= Wound, ostomy, and continence nursing =

Specialism in nursing

Wound, ostomy, and continence nursing is a nursing specialty involved with the treatment of patients with acute and chronic wounds, patients with an ostomy (those who have had some kind of bowel or bladder diversion), and patients with incontinence conditions (those with issues of bladder control, bowel control, and associated skin care). Nurses in this specialty are often referred to as wound, ostomy, and continence nurses (WOC nurses). They use evidence-based knowledge and skills to manage the care of these patients, whose needs can often be complex. In the United States, certification is available for this specialty from the Wound, Ostomy and Continence Nursing Certification Board; for example, the postnominals "CWON" represent the title of Certified Wound and Ostomy Nurse. There are additional organizations that offer varying levels of certification in this field (e.g., American Board of Wound Management).

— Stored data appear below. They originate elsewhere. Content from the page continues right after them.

lemma has_real_derivative_log_moment:
  assumes "1 < t"
  shows "(log_moment S u k has_real_derivative log_moment S u (Suc k) t) (at t)"
proof -
  define d where "d = (t - 1) / 2"
  have d: "0 < d" "1 + d < t"
    using assms by (auto simp: d_def field_simps)
  have "((\<lambda>s. LINT x|lborel. indicator S x * (u x powr s * ln (u x) ^ k)) has_real_derivative
         (LINT x|lborel. indicator S x * (u x powr t * ln (u x) ^ Suc k))) (at t)"
  proof (rule has_real_derivative_integral_dominated[where T="{1 + d<..}"
        and w="\<lambda>x. fact (Suc k) / d ^ Suc k * (indicator S x * u x)"])
    show "integrable lborel (\<lambda>x. indicator S x * (u x powr s * ln (u x) ^ k))"
      if "s \<in> {1 + d<..}" for s
      using set_integrable_powr_mult_ln_power[of s k] that d unfolding set_integrable_def by simp
    show "((\<lambda>s. indicator S x * (u x powr s * ln (u x) ^ k)) has_real_derivative
           indicator S x * (u x powr t * ln (u x) ^ Suc k)) (at t)" for x
      using u_bounds[of x] by (cases "x \<in> S") (auto intro!: derivative_eq_intros simp: algebra_simps)
    show "integrable lborel (\<lambda>x. fact (Suc k) / d ^ Suc k * (indicator S x * u x))"
      using u_integrable unfolding set_integrable_def by (intro integrable_mult_right) simp
    show "\<bar>(indicator S x * (u x powr s * ln (u x) ^ k) - indicator S x * (u x powr t * ln (u x) ^ k)) / (s - t)\<bar>
          \<le> fact (Suc k) / d ^ Suc k * (indicator S x * u x)"
      if "s \<in> {1 + d<..}" "s \<noteq> t" for s x
      using u_bounds[of x] that d abs_powr_mult_ln_power_diff_quotient_le[of "u x" d s t k]
      by (cases "x \<in> S") (auto simp del: fact_Suc power_Suc)
  qed (use d in auto)
  then show ?thesis
    by (simp add: log_moment_def[abs_def] set_lebesgue_integral_def)
qed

In some countries, such as the United Kingdom, WOC nursing is not seen as its own specialty but instead falls into other specialties such as tissue viability nursing or stoma care nursing.

==Practice==
WOC nurses are found in all healthcare settings, including hospitals, long-term care facilities and outpatient clinics. They work with patients who have acute or chronic wounds, fistulas or ostomies. They may assist patients who have other bowel or bladder disorders.

==Certification==

=== In the United States ===
Specialty certification for WOC nurses is available through the Wound, Ostomy and Continence Nursing Certification Board (WOCNCB). Nurses and other healthcare professionals may also earn the Certified Wound Specialist (CWS) certification through the American Board of Wound Management.